TASK = Copy out each line of the listing below where the string "then" appears.

DATA FOR PROCESSING =
lemma uniform_limit_eventually_bounded:
  fixes X :: "nat \<Rightarrow> real \<Rightarrow> real"
  assumes "uniform_limit A X Y sequentially" "bounded (Y ` A)"
  obtains K where "\<forall>\<^sub>F j in sequentially. \<forall>t\<in>A. \<bar>X j t\<bar> \<le> K"
proof -
  obtain K where K: "\<forall>t\<in>A. \<bar>Y t\<bar> \<le> K"
    using assms(2) by (auto simp: bounded_iff)
  have "\<forall>\<^sub>F j in sequentially. \<forall>t\<in>A. \<bar>X j t\<bar> \<le> K + 1"
    using uniform_limitD[OF assms(1) zero_less_one]
  proof eventually_elim
    case (elim j)
    then show ?case
      using K by (force simp: dist_real_def)
  qed
  then show thesis by (rule that)
qed

locale delay_epidemic_discretization =
  fixes \<theta> Lb \<sigma> M p \<gamma> \<mu> cS cI :: real
    and \<beta> \<Psi> \<Phi> S L I RT RP :: "real \<Rightarrow> real"
    and Sj Lj Ij RTj RPj :: "nat \<Rightarrow> real \<Rightarrow> real"
    and \<rho> \<tau> :: "nat \<Rightarrow> nat \<Rightarrow> real"
  assumes bounds: "0 < \<theta>" "\<theta> < Lb" "0 < \<sigma>" "\<sigma> < M"
    and \<beta>_continuous: "continuous_on UNIV \<beta>"
    and \<Psi>: "pdf_supported \<Psi> \<theta> Lb" and \<Phi>: "pdf_supported \<Phi> \<sigma> M"
    and continuous: "continuous_on {0..} S" "continuous_on {0..} L" "continuous_on {0..} I"
      "continuous_on {0..} RT" "continuous_on {0..} RP"
    and history: "\<And>s. s \<le> 0 \<Longrightarrow> S s = cS" "\<And>s. s \<le> 0 \<Longrightarrow> I s = cI"
    and ode_S: "\<And>t. 0 < t \<Longrightarrow>
      (S has_real_derivative - \<beta> t * I t * S t + p * \<gamma> * delay_integral \<Phi> I t) (at t)"
    and ode_L: "\<And>t. 0 < t \<Longrightarrow>
      (L has_real_derivative \<beta> t * I t * S t - delay_integral \<Psi> (\<lambda>s. \<beta> s * I s * S s) t) (at t)"
    and ode_I: "\<And>t. 0 < t \<Longrightarrow>
      (I has_real_derivative delay_integral \<Psi> (\<lambda>s. \<beta> s * I s * S s) t - \<gamma> * I t - \<mu> * I t) (at t)"
    and ode_RT: "\<And>t. 0 < t \<Longrightarrow>
      (RT has_real_derivative p * \<gamma> * I t - p * \<gamma> * delay_integral \<Phi> I t) (at t)"
    and ode_RP: "\<And>t. 0 < t \<Longrightarrow> (RP has_real_derivative (1 - p) * \<gamma> * I t) (at t)"
    and \<rho>: "\<And>j i. 1 < j \<Longrightarrow> i \<in> {1..j} \<Longrightarrow> \<rho> j i \<in> {node \<sigma> M j (i - 1)..node \<sigma> M j i}"
    and \<tau>: "\<And>j i. 1 < j \<Longrightarrow> i \<in> {1..j} \<Longrightarrow> \<tau> j i \<in> {node \<theta> Lb j (i - 1)..node \<theta> Lb j i}"
    and continuous_j: "\<And>j. 1 < j \<Longrightarrow> continuous_on {0..} (Sj j)" "\<And>j. 1 < j \<Longrightarrow> continuous_on {0..} (Lj j)"
      "\<And>j. 1 < j \<Longrightarrow> continuous_on {0..} (Ij j)" "\<And>j. 1 < j \<Longrightarrow> continuous_on {0..} (RTj j)"
      "\<And>j. 1 < j \<Longrightarrow> continuous_on {0..} (RPj j)"
    and history_j: "\<And>j s. 1 < j \<Longrightarrow> s \<le> 0 \<Longrightarrow> Sj j s = cS" "\<And>j s. 1 < j \<Longrightarrow> s \<le> 0 \<Longrightarrow> Ij j s = cI"
    and ode_Sj: "\<And>j t. 1 < j \<Longrightarrow> 0 < t \<Longrightarrow>
      (Sj j has_real_derivative - \<beta> t * Ij j t * Sj j t + p * \<gamma> * delay_sum \<Phi> \<sigma> M j (\<rho> j) (Ij j) t) (at t)"
    and ode_Lj: "\<And>j t. 1 < j \<Longrightarrow> 0 < t \<Longrightarrow>
      (Lj j has_real_derivative
        \<beta> t * Ij j t * Sj j t - delay_sum \<Psi> \<theta> Lb j (\<tau> j) (\<lambda>s. \<beta> s * Ij j s * Sj j s) t) (at t)"
    and ode_Ij: "\<And>j t. 1 < j \<Longrightarrow> 0 < t \<Longrightarrow>
      (Ij j has_real_derivative
        delay_sum \<Psi> \<theta> Lb j (\<tau> j) (\<lambda>s. \<beta> s * Ij j s * Sj j s) t - \<gamma> * Ij j t - \<mu> * Ij j t) (at t)"
    and ode_RTj: "\<And>j t. 1 < j \<Longrightarrow> 0 < t \<Longrightarrow>
      (RTj j has_real_derivative p * \<gamma> * Ij j t - p * \<gamma> * delay_sum \<Phi> \<sigma> M j (\<rho> j) (Ij j) t) (at t)"
    and ode_RPj: "\<And>j t. 1 < j \<Longrightarrow> 0 < t \<Longrightarrow> (RPj j has_real_derivative (1 - p) * \<gamma> * Ij j t) (at t)"
begin

lemma S_continuous: "continuous_on UNIV S"
  using continuous(1) history(1) by (rule continuous_on_history)

lemma I_continuous: "continuous_on UNIV I"
  using continuous(3) history(2) by (rule continuous_on_history)

lemma incidence_continuous: "continuous_on UNIV (\<lambda>s. \<beta> s * I s * S s)"
  by (intro continuous_on_mult \<beta>_continuous I_continuous S_continuous)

FINISHED TASK =
    then show ?case
  then show thesis by (rule that)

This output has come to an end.